Task goal: From the line containing "proof (rule contains_theta_blowupI[OF" to the very last line of the data below, transcribe everything exactly and nothing more.

Listed records:

· · ·

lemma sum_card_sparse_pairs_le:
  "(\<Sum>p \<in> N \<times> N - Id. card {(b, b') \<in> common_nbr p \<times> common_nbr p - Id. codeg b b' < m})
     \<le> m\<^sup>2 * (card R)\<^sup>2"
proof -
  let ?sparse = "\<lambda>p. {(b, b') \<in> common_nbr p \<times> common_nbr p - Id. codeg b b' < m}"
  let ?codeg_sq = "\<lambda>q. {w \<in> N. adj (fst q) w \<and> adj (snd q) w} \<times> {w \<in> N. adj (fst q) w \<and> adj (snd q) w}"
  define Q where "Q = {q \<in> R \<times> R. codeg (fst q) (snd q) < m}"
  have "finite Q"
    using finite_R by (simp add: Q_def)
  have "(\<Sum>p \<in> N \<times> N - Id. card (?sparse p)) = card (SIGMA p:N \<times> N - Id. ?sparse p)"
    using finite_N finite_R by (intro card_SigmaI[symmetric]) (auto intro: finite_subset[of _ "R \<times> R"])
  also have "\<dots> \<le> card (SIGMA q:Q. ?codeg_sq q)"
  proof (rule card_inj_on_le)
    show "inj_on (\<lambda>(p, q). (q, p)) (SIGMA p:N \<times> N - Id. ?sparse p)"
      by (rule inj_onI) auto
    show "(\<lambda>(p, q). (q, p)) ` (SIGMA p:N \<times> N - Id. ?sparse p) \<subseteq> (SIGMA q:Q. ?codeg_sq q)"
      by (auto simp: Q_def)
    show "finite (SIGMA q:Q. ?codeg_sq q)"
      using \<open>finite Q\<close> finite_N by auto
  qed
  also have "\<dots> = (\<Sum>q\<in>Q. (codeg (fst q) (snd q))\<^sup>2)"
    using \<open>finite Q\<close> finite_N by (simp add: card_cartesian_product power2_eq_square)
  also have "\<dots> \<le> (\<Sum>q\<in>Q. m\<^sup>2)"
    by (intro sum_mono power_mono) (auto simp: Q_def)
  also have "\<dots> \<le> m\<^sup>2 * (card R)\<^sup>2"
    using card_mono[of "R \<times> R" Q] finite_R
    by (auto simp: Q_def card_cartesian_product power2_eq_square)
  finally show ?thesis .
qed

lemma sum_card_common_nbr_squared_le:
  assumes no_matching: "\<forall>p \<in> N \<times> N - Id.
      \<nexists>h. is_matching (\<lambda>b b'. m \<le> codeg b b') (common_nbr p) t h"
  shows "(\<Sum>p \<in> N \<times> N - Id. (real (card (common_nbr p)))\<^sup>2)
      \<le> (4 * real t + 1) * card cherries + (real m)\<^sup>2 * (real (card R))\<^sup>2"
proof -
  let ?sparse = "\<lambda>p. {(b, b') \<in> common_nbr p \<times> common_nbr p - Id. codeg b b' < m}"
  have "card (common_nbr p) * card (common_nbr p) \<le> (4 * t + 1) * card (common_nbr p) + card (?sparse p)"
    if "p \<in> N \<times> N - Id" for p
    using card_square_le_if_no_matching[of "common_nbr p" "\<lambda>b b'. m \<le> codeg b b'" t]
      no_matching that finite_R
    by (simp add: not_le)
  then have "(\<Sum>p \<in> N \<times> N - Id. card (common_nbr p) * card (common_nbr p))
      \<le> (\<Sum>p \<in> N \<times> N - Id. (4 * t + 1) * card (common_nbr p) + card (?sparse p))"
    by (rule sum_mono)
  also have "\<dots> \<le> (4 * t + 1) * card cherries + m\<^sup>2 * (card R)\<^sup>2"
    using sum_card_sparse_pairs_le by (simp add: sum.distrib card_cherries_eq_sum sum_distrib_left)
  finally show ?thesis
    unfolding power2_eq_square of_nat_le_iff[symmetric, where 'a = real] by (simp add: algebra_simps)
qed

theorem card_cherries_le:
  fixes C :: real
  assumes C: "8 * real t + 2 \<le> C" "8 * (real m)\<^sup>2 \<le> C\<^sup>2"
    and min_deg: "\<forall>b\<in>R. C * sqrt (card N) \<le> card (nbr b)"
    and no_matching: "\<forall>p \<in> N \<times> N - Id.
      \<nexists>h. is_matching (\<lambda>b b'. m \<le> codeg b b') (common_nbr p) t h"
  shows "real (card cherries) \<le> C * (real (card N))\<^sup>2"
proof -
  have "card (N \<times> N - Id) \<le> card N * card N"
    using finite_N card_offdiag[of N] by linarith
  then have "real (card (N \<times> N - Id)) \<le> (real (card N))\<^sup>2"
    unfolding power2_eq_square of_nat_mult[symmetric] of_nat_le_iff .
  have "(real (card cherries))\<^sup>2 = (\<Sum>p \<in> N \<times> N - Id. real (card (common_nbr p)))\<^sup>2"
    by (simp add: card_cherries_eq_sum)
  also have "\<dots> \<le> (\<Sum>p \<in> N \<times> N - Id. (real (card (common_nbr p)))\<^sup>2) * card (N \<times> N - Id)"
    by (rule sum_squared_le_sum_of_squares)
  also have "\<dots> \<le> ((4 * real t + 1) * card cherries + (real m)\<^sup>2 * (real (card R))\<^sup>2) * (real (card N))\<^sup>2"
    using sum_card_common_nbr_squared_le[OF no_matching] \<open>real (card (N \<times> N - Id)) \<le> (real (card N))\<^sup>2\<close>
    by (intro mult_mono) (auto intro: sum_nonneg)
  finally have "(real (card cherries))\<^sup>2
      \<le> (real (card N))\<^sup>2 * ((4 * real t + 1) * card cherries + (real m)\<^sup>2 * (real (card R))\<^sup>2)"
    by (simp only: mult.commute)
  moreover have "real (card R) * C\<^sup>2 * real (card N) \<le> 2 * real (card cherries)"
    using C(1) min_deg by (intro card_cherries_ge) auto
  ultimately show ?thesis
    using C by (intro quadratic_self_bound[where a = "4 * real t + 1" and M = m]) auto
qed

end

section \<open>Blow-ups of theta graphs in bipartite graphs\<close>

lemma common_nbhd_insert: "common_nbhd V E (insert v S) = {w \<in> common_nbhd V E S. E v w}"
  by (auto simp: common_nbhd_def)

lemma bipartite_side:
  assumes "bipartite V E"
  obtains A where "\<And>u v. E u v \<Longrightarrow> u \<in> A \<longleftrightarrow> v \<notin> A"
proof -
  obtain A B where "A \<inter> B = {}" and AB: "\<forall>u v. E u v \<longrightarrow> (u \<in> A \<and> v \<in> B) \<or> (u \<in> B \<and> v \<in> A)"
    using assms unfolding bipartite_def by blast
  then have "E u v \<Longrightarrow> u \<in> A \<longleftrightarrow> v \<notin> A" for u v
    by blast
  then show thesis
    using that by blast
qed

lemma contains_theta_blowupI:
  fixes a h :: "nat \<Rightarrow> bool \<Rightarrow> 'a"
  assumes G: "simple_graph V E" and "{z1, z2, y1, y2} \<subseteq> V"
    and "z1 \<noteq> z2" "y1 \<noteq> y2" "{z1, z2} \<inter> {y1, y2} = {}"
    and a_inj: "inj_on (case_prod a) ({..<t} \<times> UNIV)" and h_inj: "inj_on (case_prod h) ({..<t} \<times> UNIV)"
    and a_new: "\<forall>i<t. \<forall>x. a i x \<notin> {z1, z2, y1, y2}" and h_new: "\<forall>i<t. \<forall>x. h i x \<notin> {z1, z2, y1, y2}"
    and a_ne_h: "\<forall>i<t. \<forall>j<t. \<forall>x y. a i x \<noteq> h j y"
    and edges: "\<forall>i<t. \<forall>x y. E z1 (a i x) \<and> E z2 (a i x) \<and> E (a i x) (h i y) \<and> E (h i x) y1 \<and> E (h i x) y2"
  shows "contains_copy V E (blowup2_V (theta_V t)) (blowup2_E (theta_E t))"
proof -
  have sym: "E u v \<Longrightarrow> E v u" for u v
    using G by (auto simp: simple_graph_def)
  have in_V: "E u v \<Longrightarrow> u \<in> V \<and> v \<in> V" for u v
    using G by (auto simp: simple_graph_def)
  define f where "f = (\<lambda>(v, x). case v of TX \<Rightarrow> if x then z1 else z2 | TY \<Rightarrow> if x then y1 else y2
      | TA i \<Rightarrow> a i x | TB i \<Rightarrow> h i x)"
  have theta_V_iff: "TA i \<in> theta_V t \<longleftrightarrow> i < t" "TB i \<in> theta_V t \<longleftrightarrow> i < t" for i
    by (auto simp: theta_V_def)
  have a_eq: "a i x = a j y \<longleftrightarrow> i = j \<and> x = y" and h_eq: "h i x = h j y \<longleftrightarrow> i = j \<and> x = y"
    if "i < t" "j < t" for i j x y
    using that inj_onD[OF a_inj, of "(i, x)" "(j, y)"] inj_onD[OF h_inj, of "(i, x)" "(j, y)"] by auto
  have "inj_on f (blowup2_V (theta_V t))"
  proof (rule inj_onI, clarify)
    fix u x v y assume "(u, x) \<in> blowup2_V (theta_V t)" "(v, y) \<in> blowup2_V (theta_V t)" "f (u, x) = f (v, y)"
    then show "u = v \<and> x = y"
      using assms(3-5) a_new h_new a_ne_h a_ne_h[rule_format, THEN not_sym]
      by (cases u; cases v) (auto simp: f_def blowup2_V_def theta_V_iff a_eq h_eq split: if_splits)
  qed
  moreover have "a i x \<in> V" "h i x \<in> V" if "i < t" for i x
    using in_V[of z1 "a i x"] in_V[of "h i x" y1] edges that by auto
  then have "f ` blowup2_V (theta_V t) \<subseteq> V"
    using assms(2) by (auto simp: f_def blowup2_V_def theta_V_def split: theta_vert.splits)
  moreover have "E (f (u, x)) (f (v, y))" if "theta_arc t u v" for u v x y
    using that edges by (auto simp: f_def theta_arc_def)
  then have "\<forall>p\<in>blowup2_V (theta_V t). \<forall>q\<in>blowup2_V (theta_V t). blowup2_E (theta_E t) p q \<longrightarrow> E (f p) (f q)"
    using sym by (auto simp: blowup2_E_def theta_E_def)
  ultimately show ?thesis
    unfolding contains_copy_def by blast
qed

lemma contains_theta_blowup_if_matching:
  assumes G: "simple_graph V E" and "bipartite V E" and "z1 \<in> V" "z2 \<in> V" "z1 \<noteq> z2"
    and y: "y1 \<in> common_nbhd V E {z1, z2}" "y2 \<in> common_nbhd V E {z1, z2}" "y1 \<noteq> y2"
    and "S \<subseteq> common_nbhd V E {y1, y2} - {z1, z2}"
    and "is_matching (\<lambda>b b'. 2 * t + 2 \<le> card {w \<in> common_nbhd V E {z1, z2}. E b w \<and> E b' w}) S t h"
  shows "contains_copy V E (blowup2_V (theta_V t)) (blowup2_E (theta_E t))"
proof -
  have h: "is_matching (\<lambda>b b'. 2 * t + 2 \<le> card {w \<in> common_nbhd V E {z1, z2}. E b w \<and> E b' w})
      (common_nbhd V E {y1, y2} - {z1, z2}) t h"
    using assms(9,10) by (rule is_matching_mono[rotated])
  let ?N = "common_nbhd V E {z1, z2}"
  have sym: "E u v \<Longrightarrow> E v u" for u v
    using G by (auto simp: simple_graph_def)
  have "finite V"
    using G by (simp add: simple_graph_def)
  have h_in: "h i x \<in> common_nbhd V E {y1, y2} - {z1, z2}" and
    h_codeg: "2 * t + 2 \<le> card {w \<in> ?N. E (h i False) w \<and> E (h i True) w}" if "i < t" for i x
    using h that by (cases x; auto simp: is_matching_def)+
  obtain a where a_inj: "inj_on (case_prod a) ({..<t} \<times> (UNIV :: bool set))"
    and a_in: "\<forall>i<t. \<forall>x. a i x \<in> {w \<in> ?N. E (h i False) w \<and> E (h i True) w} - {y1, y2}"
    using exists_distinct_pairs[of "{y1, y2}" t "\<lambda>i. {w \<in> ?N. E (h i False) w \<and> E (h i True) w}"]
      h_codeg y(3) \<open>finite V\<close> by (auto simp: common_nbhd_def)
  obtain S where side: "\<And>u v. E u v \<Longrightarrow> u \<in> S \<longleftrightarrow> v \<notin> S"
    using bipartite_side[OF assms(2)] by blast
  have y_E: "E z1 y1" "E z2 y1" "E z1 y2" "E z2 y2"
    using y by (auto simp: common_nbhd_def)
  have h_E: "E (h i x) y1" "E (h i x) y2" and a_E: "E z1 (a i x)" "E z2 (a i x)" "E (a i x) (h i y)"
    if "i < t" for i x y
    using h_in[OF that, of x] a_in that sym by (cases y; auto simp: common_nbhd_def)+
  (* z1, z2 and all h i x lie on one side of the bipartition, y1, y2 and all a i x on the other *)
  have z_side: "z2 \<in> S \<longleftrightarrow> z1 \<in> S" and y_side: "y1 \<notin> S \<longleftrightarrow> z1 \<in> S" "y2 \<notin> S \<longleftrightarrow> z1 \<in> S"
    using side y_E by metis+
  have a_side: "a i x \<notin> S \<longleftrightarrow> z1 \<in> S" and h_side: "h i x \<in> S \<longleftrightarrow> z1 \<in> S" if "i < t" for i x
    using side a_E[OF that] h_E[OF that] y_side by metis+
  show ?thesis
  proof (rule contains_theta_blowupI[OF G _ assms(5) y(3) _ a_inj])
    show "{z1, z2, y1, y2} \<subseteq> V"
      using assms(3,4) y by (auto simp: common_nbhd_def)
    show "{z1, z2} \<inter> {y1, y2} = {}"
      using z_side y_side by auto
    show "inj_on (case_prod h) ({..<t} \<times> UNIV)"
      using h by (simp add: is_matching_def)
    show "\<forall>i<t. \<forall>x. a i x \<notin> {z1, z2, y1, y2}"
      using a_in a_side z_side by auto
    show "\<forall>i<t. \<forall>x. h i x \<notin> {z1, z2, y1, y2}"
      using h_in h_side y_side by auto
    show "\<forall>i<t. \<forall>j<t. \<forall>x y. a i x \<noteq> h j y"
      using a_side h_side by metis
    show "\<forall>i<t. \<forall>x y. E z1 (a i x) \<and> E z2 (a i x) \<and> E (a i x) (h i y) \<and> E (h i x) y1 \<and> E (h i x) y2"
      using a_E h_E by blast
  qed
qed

· · ·

Finished task:
  proof (rule contains_theta_blowupI[OF G _ assms(5) y(3) _ a_inj])
    show "{z1, z2, y1, y2} \<subseteq> V"
      using assms(3,4) y by (auto simp: common_nbhd_def)
    show "{z1, z2} \<inter> {y1, y2} = {}"
      using z_side y_side by auto
    show "inj_on (case_prod h) ({..<t} \<times> UNIV)"
      using h by (simp add: is_matching_def)
    show "\<forall>i<t. \<forall>x. a i x \<notin> {z1, z2, y1, y2}"
      using a_in a_side z_side by auto
    show "\<forall>i<t. \<forall>x. h i x \<notin> {z1, z2, y1, y2}"
      using h_in h_side y_side by auto
    show "\<forall>i<t. \<forall>j<t. \<forall>x y. a i x \<noteq> h j y"
      using a_side h_side by metis
    show "\<forall>i<t. \<forall>x y. E z1 (a i x) \<and> E z2 (a i x) \<and> E (a i x) (h i y) \<and> E (h i x) y1 \<and> E (h i x) y2"
      using a_E h_E by blast
  qed
qed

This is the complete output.